In this first step, zip the lists together. This takes the first element from every list and puts them into a tuple, appends that tuple to a new list, then does the same for the second element in every list, and so on. Then we sort this list of tuples by the fifth element (this is from the anonymous function passed into the key argument). We set reverse=True so that the list is descending.

In the second step, we split the lists out using some nested list comprehensions and tuple unpacking. We make a new list of lists, where each inner list is all the first elements of each tuple in sorted_lists. You could do this in one line as below, but I think splitting it into two pieces may be a bit clearer:

a, b, c, d, score = izip(*sorted(izip(a, b, c, d, score), reverse=True,
                         key=lambda x: x[4]))

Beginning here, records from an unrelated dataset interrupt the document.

(* Let $A\subseteq[n]^2$ satisfy $|\{v\in[n]:(u,v)\in A\}|=T$ for every $u\in[n]$, and set $S=n-2T-2$. With the gates $\Gamma=\Gamma(A)$, $\Gamma_\uparrow=\Gamma_\uparrow(A)$ and $\Phi$ defined below, for every $x\in\{0,1\}^{4n}$ satisfying $\varphi_{one}(x)$, $$\frac{\mathrm{Sig}(\Gamma_\uparrow,x)-\mathrm{Sig}(\Gamma,x)-S\cdot\mathrm{Sig}(\Phi,x)}{4}=[\varphi_{prop}(x)\wedge(x_W,x_N)\in A].$$
   Context: All gates share the grid structure: vertices $b_{i,j}$, $(i,j)\in[n]^2$, the south edge of $b_{i,j}$ equals the north edge of $b_{i+1,j}$, the east edge of $b_{i,j}$ equals the west edge of $b_{i,j+1}$; $4n$ dangling edges ordered as north edges of the top row, east edges of the last column, south edges of the bottom row, west edges of the first column; $x=x_Nx_Ex_Sx_W$, weight-one strings $0^{v-1}10^{n-v}$ identified with $v$. $\Phi$: all $b_{i,j}$ have signature $\mathtt{PASS}$, plus an extra edge of weight $-1$ joining two extra vertices of signature $\mathtt{HW}_{=1}$. $\Gamma(A)$: apices $a_1,a_2$ with $\mathtt{HW}_{=1}$; $b_\tau$ has $\mathtt{PASS}$ for $\tau\notin A$, and for $\tau\in A$ is joined to $a_1,a_2$ (5th, 6th edges) and has $\mathtt{PRE}$. $\Gamma_\uparrow(A)$: $\Gamma(A)$ with an extra row of $n$ vertices above row $1$ and below row $n$, inserted into the columns (the outermost new edges becoming the northern/southern dangling edges), each new vertex joined to $a_1,a_2$ with signature $h(a,c,z_5,z_6)=\mathtt{PRE}(a0c0z_5z_6)$ on (north, south, $a_1$-edge, $a_2$-edge). Weights $1$ unless stated. $\mathtt{HW}_{=1}$: $1$ iff exactly one incident edge active. $\mathtt{PASS}(1111)=-1$, $\mathtt{PASS}(0000)=\mathtt{PASS}(0101)=\mathtt{PASS}(1010)=1$, else $0$ (bits north, east, south, west); $\mathtt{PRE}(x00)=\mathtt{PASS}(x)$, $\mathtt{PRE}(xy)=1$ for $xy\in\{101011,111111,100001,110101,001010,011110\}$, else $0$. $\varphi_{one}(x)\equiv\mathrm{hw}(x_N)=\mathrm{hw}(x_W)=1$; $\varphi_{prop}(x)\equiv x_N=x_S\wedge x_W=x_E$; $[\cdot]$ is the Iverson bracket. $\mathrm{Sig}(\Gamma,x)=\sum_y w_\Gamma(xy)\prod_v f_v((xy)|_{I(v)})$ over assignments $y$ to non-dangling edges, $w_\Gamma$ the product of weights of active edges. *)

theory Defs
  imports Complex_Main
begin

text \<open>Bit strings are bool lists (True = 1). PASS has bits (north, east, south, west).\<close>

fun PASS :: "bool list \<Rightarrow> int" where
  "PASS [True, True, True, True] = -1"
| "PASS [False, False, False, False] = 1"
| "PASS [False, True, False, True] = 1"
| "PASS [True, False, True, False] = 1"
| "PASS _ = 0"

definition PRE :: "bool list \<Rightarrow> int" where
  "PRE xs =
    (if length xs = 6 \<and> drop 4 xs = [False, False] then PASS (take 4 xs)
     else if xs \<in> {[True,False,True,False,True,True], [True,True,True,True,True,True],
                    [True,False,False,False,False,True], [True,True,False,True,False,True],
                    [False,False,True,False,True,False], [False,True,True,True,True,False]}
     then 1 else 0)"

definition HW1 :: "('e \<Rightarrow> bool) \<Rightarrow> 'e set \<Rightarrow> int" where
  "HW1 \<sigma> I = (if card {e \<in> I. \<sigma> e} = 1 then 1 else 0)"

definition hsig :: "bool \<Rightarrow> bool \<Rightarrow> bool \<Rightarrow> bool \<Rightarrow> int" where
  "hsig a c z5 z6 = PRE [a, False, c, False, z5, z6]"

definition Sig :: "'e set \<Rightarrow> 'e set \<Rightarrow> ('e \<Rightarrow> int) \<Rightarrow> 'v set \<Rightarrow> ('v \<Rightarrow> ('e \<Rightarrow> bool) \<Rightarrow> int)
                   \<Rightarrow> ('e \<Rightarrow> bool) \<Rightarrow> int" where
  "Sig Inn Dang w Vs f d =
     (\<Sum>\<sigma> \<in> {\<sigma>. \<forall>e. e \<notin> Inn \<longrightarrow> \<sigma> e = d e}.
        (\<Prod>e \<in> Inn \<union> Dang. if \<sigma> e then w e else 1) * (\<Prod>v \<in> Vs. f v \<sigma>))"

text \<open>Edges: dangling DN j (north of column j), DE i (east of row i), DS j, DW i;
  VI i j: vertical edge between rows i and i+1 in column j; HI i j: horizontal edge
  between columns j and j+1 in row i; E1 i j / E2 i j: edge from b_{i,j} to apex a1 / a2;
  XE: the extra edge of Phi.\<close>
datatype edge = DN nat | DE nat | DS nat | DW nat | VI nat nat | HI nat nat
  | E1 nat nat | E2 nat nat | XE

datatype vert = B nat nat | Ap1 | Ap2 | Y1 | Y2

definition dangling :: "nat \<Rightarrow> edge set" where
  "dangling n = DN ` {1..n} \<union> DE ` {1..n} \<union> DS ` {1..n} \<union> DW ` {1..n}"

text \<open>x = x_N x_E x_S x_W, each block listed in increasing column / row index.\<close>
fun dang :: "nat \<Rightarrow> bool list \<Rightarrow> edge \<Rightarrow> bool" where
  "dang n x (DN j) = x ! (j - 1)"
| "dang n x (DE i) = x ! (n + i - 1)"
| "dang n x (DS j) = x ! (2 * n + j - 1)"
| "dang n x (DW i) = x ! (3 * n + i - 1)"
| "dang n x _ = False"

definition xN :: "nat \<Rightarrow> bool list \<Rightarrow> bool list" where "xN n x = take n x"
definition xE :: "nat \<Rightarrow> bool list \<Rightarrow> bool list" where "xE n x = take n (drop n x)"
definition xS :: "nat \<Rightarrow> bool list \<Rightarrow> bool list" where "xS n x = take n (drop (2*n) x)"
definition xW :: "nat \<Rightarrow> bool list \<Rightarrow> bool list" where "xW n x = take n (drop (3*n) x)"

definition hw :: "bool list \<Rightarrow> nat" where "hw s = length (filter id s)"

text \<open>weight-one string 0^{v-1} 1 0^{n-v} identified with v\<close>
definition ident :: "bool list \<Rightarrow> nat" where
  "ident s = (THE v. 1 \<le> v \<and> v \<le> length s \<and> s ! (v - 1))"

definition phi_one :: "nat \<Rightarrow> bool list \<Rightarrow> bool" where
  "phi_one n x \<longleftrightarrow> hw (xN n x) = 1 \<and> hw (xW n x) = 1"

definition phi_prop :: "nat \<Rightarrow> bool list \<Rightarrow> bool" where
  "phi_prop n x \<longleftrightarrow> xN n x = xS n x \<and> xW n x = xE n x"

text \<open>Incident edges of grid vertex b_{i,j}, rows t..b (t top row, b bottom row).\<close>
definition nE :: "nat \<Rightarrow> nat \<Rightarrow> nat \<Rightarrow> edge" where
  "nE t i j = (if i = t then DN j else VI (i - 1) j)"
definition sE :: "nat \<Rightarrow> nat \<Rightarrow> nat \<Rightarrow> edge" where
  "sE b i j = (if i = b then DS j else VI i j)"
definition eE :: "nat \<Rightarrow> nat \<Rightarrow> nat \<Rightarrow> edge" where
  "eE n i j = (if j = n then DE i else HI i j)"
definition wE :: "nat \<Rightarrow> nat \<Rightarrow> edge" where
  "wE i j = (if j = 1 then DW i else HI i (j - 1))"

definition grid_internal :: "nat \<Rightarrow> nat \<Rightarrow> nat \<Rightarrow> edge set" where
  "grid_internal n t b =
     {VI i j | i j. t \<le> i \<and> i < b \<and> 1 \<le> j \<and> j \<le> n}
   \<union> {HI i j | i j. 1 \<le> i \<and> i \<le> n \<and> 1 \<le> j \<and> j < n}"

definition grid_verts :: "nat \<Rightarrow> vert set" where
  "grid_verts n = {B i j | i j. 1 \<le> i \<and> i \<le> n \<and> 1 \<le> j \<and> j \<le> n}"

definition pass_bits :: "nat \<Rightarrow> nat \<Rightarrow> nat \<Rightarrow> nat \<Rightarrow> nat \<Rightarrow> (edge \<Rightarrow> bool) \<Rightarrow> bool list" where
  "pass_bits n t b i j \<sigma> = [\<sigma> (nE t i j), \<sigma> (eE n i j), \<sigma> (sE b i j), \<sigma> (wE i j)]"

definition unit_weight :: "edge \<Rightarrow> int" where "unit_weight e = 1"

definition Phi_w :: "edge \<Rightarrow> int" where
  "Phi_w e = (if e = XE then -1 else 1)"

fun Phi_f :: "nat \<Rightarrow> vert \<Rightarrow> (edge \<Rightarrow> bool) \<Rightarrow> int" where
  "Phi_f n (B i j) \<sigma> = PASS (pass_bits n 1 n i j \<sigma>)"
| "Phi_f n Y1 \<sigma> = HW1 \<sigma> {XE}"
| "Phi_f n Y2 \<sigma> = HW1 \<sigma> {XE}"
| "Phi_f n _ \<sigma> = 1"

Here is a generic function that returns a list of tuples, where the tuples are the sorted lists:

def sort_lists_by(lists, key_list=0, desc=False):
    return izip(*sorted(izip(*lists), reverse=desc,
                 key=lambda x: x[key_list]))
EML
  • 435
  • 4
  • 12
  • thanks EML for your awesome solution - I was just wondering - can there be a more generic solution as in, where `x[4]` and `range(5)` can be avoided? I am asking this because one could have more than 5 lists.. and I am not sure it helps me understand when values are hardcoded :( – AJW Mar 25 '13 at 09:09
  • Edited to add a generic function. The `range(5)` is just there to designate the index of each element in the sublists, so we can break each sub-list back out after we've zipped them together. The `x[4]` is just to indicate the list by which we're sorting all the others. In the generic function, these are replaced. – EML Mar 25 '13 at 09:18
  • Interesting, `zip` transposes nested lists. Analogous functionality to transposing arrays. – Eike Mar 25 '13 at 09:19
  • @EML: Thanks a tonne for this. I think it will take a while for me to grasp this completely - but I get the idea of your sort. I will now try this step by step and understand it more clearly. Thanks again, accepted your answer. – AJW Mar 25 '13 at 09:20
  • @EML: I was also wondering if you could care to comment on why you chose to use izip vs zip? :) Also, what does `desc=False` do in the function? Sorry if I am being stupid, but I am not able to see where `desc` is used – AJW Mar 25 '13 at 09:21
  • 1
    `izip` has essentially the same output as `zip`, but rather than allocating a ton of new memory for the entire to-be-constructed combined list, it creates a 'generator', which basically outputs the product one item at a time, recycling memory where possible. It uses much less memory and is faster in most cases. Here's a nice talk by Ray Hettinger where he briefly mentions this: http://www.youtube.com/watch?v=OSGv2VnC0go – EML Mar 25 '13 at 09:24
  • Thanks for the awesome Ray H talk ;) – AJW Mar 25 '13 at 09:28
  • I actually made a typo and forgot to set `reverse=desc`. So you weren't being stupid - just noticing my error. I fixed it. I put `desc=False` in the args so that you can choose whether to sort descending or ascending when calling this generic function. It makes more sense for the default behavior between `sorted` and our new `sort_lists_by` to be the same. – EML Mar 25 '13 at 09:30
  • OK. I kind of guessed that, but wasnt sure if you had some other logic :) – AJW Mar 25 '13 at 09:40
  • I am trying to use the function you have written, and I am wondering how do I pass the lists `a,b,c,d,score` to the function? Do I need to pass a zip here? – AJW Mar 25 '13 at 09:44
  • 1
    OK Got it. Just pass them as a list I assume like `[a,b,c,d,score]` – AJW Mar 25 '13 at 09:48
3

If you are doing a lot of numerical work or array manipulation, it might be worth looking into using numpy. This problem is very easily solved with a numpy array:

In [1]: import numpy as np
In [2]: a = ['hi','hello']
In [3]: b = ['alice','bob']
In [4]: c = ['foo','bar']
In [5]: d = ['spam','eggs']
In [6]: score = [42,17]

From this, make a list of tuples in the format (a,b,c,d,score) and store each one with a dtype (str,str,str,str,int), and you can even give them names ('a','b','c','d','score') to access them later:

In [7]: data = np.array(zip(a,b,c,d,score),
   ...:         dtype = [('a','S5'),('b','S5'),('c','S5'),('d','S5'),('score',int)]
   ...:     )

In [8]: data
Out[8]: 
array([('hi', 'alice', 'foo', 'spam', 42),
       ('hello', 'bob', 'bar', 'eggs', 17)], 
      dtype=[('a', 'S5'), ('b', 'S5'), ('c', 'S5'), ('d', 'S5'), ('score', '<i8')])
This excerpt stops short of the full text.